After the Romans departed around AD 400, Norse settlers moved in, founding a settlement on high ground above the town centre. It is thought that Ambleside may have been named after a Norseman called Amal (i.e. Amal's saeter - or summer pasture).

Ambleside was granted a market charter in 1650, and Market Place became the commercial centre for agriculture and the wool trade.

The old packhorse trail (now a bridleway) between Ambleside and Grasmere was the main route between the two towns before the new turnpike road was completed in 1770 (now the A591). Smithy Brow at the end of the trail was where packponies were re-shod after their journey.

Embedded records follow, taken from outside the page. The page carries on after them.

(* Let $k\ge3$ and let $G=(V,E)$ be a connected $k$-uniform hypergraph (with $E\neq\emptyset$). (i) A nonzero vector $\mathbf x\in\mathbb C^n$ is an eigenvector of the Laplacian tensor $\mathcal D-\mathcal A$ corresponding to the eigenvalue $0$ if and only if there exist $\gamma\in\mathbb C\setminus\{0\}$ and integers $\alpha_i$ ($i\in[n]$) such that $x_i=\gamma\exp(\frac{2\alpha_i\pi}{k}\sqrt{-1})$ for all $i\in[n]$ and, for every edge $e\in E$, $\sum_{j\in e}\alpha_j=\sigma_e k$ for some integer $\sigma_e$. (ii) A nonzero vector $\mathbf x\in\mathbb C^n$ is an eigenvector of the signless Laplacian tensor $\mathcal D+\mathcal A$ corresponding to the eigenvalue $0$ if and only if there exist $\gamma\in\mathbb C\setminus\{0\}$ and integers $\alpha_i$ ($i\in[n]$) such that $x_i=\gamma\exp(\frac{2\alpha_i\pi}{k}\sqrt{-1})$ for all $i\in[n]$ and, for every edge $e\in E$, $\sum_{j\in e}\alpha_j=\sigma_e k+\frac{k}{2}$ for some integer $\sigma_e$.
   Context: A $k$-uniform hypergraph $G=(V,E)$ has vertex set $V=[n]$ ($n\ge k$) and edge set $E$ of $k$-element subsets of $V$; $E_i=\{e\in E:i\in e\}$, $d_i=|E_i|$. $G$ is connected if every two distinct vertices $i,j$ are joined by a sequence of edges $e_1,\dots,e_m$ with $i\in e_1$, $j\in e_m$, $e_r\cap e_{r+1}\neq\emptyset$. The adjacency tensor $\mathcal A$ has $a_{i_1\dots i_k}=\frac1{(k-1)!}$ if $\{i_1,\dots,i_k\}\in E$, else $0$; $\mathcal D$ is diagonal with $d_{i\dots i}=d_i$. Thus $((\mathcal D\pm\mathcal A)\mathbf x^{k-1})_i=d_ix_i^{k-1}\pm\sum_{e\in E_i}\prod_{j\in e\setminus\{i\}}x_j$. A nonzero $\mathbf x\in\mathbb C^n$ is an eigenvector of a tensor $\mathcal T$ for eigenvalue $\lambda$ if $(\mathcal T\mathbf x^{k-1})_i=\lambda x_i^{k-1}$ for all $i\in[n]$, where $(\mathcal T\mathbf x^{k-1})_i=\sum_{i_2,\dots,i_k}t_{ii_2\dots i_k}x_{i_2}\cdots x_{i_k}$. *)

theory Defs
  imports "HOL-Analysis.Analysis"
begin

definition uniform_hypergraph :: "nat \<Rightarrow> nat \<Rightarrow> nat set set \<Rightarrow> bool" where
  "uniform_hypergraph n k E \<longleftrightarrow> n \<ge> k \<and> (\<forall>e\<in>E. e \<subseteq> {1..n} \<and> card e = k)"

definition hg_connected :: "nat \<Rightarrow> nat set set \<Rightarrow> bool" where
  "hg_connected n E \<longleftrightarrow> (\<forall>i\<in>{1..n}. \<forall>j\<in>{1..n}. i \<noteq> j \<longrightarrow>
     (\<exists>es :: nat set list. es \<noteq> [] \<and> set es \<subseteq> E \<and> i \<in> hd es \<and> j \<in> last es \<and>
        (\<forall>r. Suc r < length es \<longrightarrow> es ! r \<inter> es ! Suc r \<noteq> {})))"

definition hg_degree :: "nat set set \<Rightarrow> nat \<Rightarrow> nat" where
  "hg_degree E i = card {e\<in>E. i \<in> e}"

text \<open>Order-k tensors of dimension n: entries indexed by lists of length k over [n].\<close>

definition adj_tensor :: "nat \<Rightarrow> nat set set \<Rightarrow> nat list \<Rightarrow> complex" where
  "adj_tensor k E is = (if set is \<in> E then 1 / of_nat (fact (k - 1)) else 0)"

definition deg_tensor :: "nat set set \<Rightarrow> nat list \<Rightarrow> complex" where
  "deg_tensor E is = (if is \<noteq> [] \<and> (\<forall>j\<in>set is. j = hd is) then of_nat (hg_degree E (hd is)) else 0)"

definition tensor_apply :: "nat \<Rightarrow> nat \<Rightarrow> (nat list \<Rightarrow> complex) \<Rightarrow> (nat \<Rightarrow> complex) \<Rightarrow> nat \<Rightarrow> complex" where
  "tensor_apply n k T x i =
     (\<Sum>is\<in>{is. length is = k - 1 \<and> set is \<subseteq> {1..n}}. T (i # is) * (\<Prod>j\<leftarrow>is. x j))"

definition tensor_eigenpair :: "nat \<Rightarrow> nat \<Rightarrow> (nat list \<Rightarrow> complex) \<Rightarrow> complex \<Rightarrow> (nat \<Rightarrow> complex) \<Rightarrow> bool" where
  "tensor_eigenpair n k T lam x \<longleftrightarrow> (\<exists>i\<in>{1..n}. x i \<noteq> 0) \<and>
     (\<forall>i\<in>{1..n}. tensor_apply n k T x i = lam * x i ^ (k - 1))"

definition laplacian_tensor :: "nat \<Rightarrow> nat set set \<Rightarrow> nat list \<Rightarrow> complex" where
  "laplacian_tensor k E is = deg_tensor E is - adj_tensor k E is"

definition signless_laplacian_tensor :: "nat \<Rightarrow> nat set set \<Rightarrow> nat list \<Rightarrow> complex" where
  "signless_laplacian_tensor k E is = deg_tensor E is + adj_tensor k E is"

end

theory Submission
  imports Defs "HOL-Combinatorics.Multiset_Permutations"
begin

text \<open>
  Both tensors are D - t A with |t| = 1 (t = 1 resp. t = -1), and (A x^(k-1))_i is the sum over
  the edges e through i of the products of x_j over e - {i}. Take a vertex i of maximal modulus M
  in a 0-eigenvector: the d_i summands have modulus at most M^(k-1) and add up to
  d_i x_i^(k-1) / t, of modulus d_i M^(k-1), so each summand equals x_i^(k-1) / t and every vertex
  of these edges has modulus M as well. By connectivity this holds everywhere, hence x_i^k is a
  constant c and t times the product of x over each edge is c. Writing c = \<gamma>^k, every x_i / \<gamma>
  is a k-th root of unity exp(2 \<alpha>_i \<pi> i / k), and the edge condition says that the root of
  unity with exponent the sum of \<alpha>_j over e equals 1 / t; conversely such vectors are
  0-eigenvectors by direct computation.
\<close>

definition adj_form :: "nat set set \<Rightarrow> (nat \<Rightarrow> complex) \<Rightarrow> nat \<Rightarrow> complex" where
  "adj_form E x i = (\<Sum>e\<in>{e\<in>E. i \<in> e}. \<Prod>j\<in>e - {i}. x j)"

definition unit_root :: "nat \<Rightarrow> int \<Rightarrow> complex" where
  "unit_root k a = exp (complex_of_real (2 * real_of_int a * pi / real k) * \<i>)"

lemma uniform_hypergraph_finite:
  assumes "uniform_hypergraph n k E"
  shows "finite E"
  using assms unfolding uniform_hypergraph_def
  by (intro finite_subset[of E "Pow {1..n}"]) auto

lemma uniform_hypergraph_edgeD:
  assumes "uniform_hypergraph n k E" "e \<in> E"
  shows "e \<subseteq> {1..n}" "card e = k" "finite e"
  using assms unfolding uniform_hypergraph_def by (auto intro: finite_subset)

lemma hg_connected_propagate:
  assumes conn: "hg_connected n E"
    and i0: "i0 \<in> {1..n}" "P i0"
    and step: "\<And>e i j. e \<in> E \<Longrightarrow> i \<in> e \<Longrightarrow> j \<in> e \<Longrightarrow> P i \<Longrightarrow> P j"
    and j: "j \<in> {1..n}"
  shows "P j"
proof (cases "j = i0")
  case True
  then show ?thesis using i0 by simp
next
  case False
  then obtain es where es: "es \<noteq> []" "set es \<subseteq> E" "i0 \<in> hd es" "j \<in> last es"
      and chain: "\<And>r. Suc r < length es \<Longrightarrow> es ! r \<inter> es ! Suc r \<noteq> {}"
    using conn i0(1) j unfolding hg_connected_def by metis
  have "\<forall>v\<in>es ! r. P v" if "r < length es" for r
    using that
  proof (induction r)
    case 0
    then show ?case
      using es step i0(2) by (metis hd_conv_nth nth_mem subsetD)
  next
    case (Suc r)
    then obtain v where "v \<in> es ! r" "v \<in> es ! Suc r" using chain by blast
    then show ?case
      using Suc es(2) step by (metis Suc_lessD nth_mem subsetD)
  qed
  then show ?thesis
    using es(1,4) by (metis last_conv_nth diff_less length_greater_0_conv zero_less_one)
qed

subsection \<open>Evaluating the tensors\<close>

lemma finite_tensor_indices: "finite {is. length is = m \<and> set is \<subseteq> {1..n::nat}}"
  using finite_lists_length_eq[of "{1..n}" m] by (simp add: conj_commute)

lemma tensor_apply_diff_scaled:
  "tensor_apply n k (\<lambda>is. S is - t * T is) x i = tensor_apply n k S x i - t * tensor_apply n k T x i"
  unfolding tensor_apply_def
  by (simp add: left_diff_distrib sum_subtractf sum_distrib_left mult.assoc)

With the coming of the turnpikes, the packhorse trains were superseded by horse-drawn stagecoaches, which regularly travelled between Keswick and Kendal (via Grasmere, Ambleside and Windermere).

The Salutation Hotel, a former hostelry dating from 1656, developed into a coaching inn where horses could be stabled overnight. The Royal Oak and the White Lion were also coaching inns.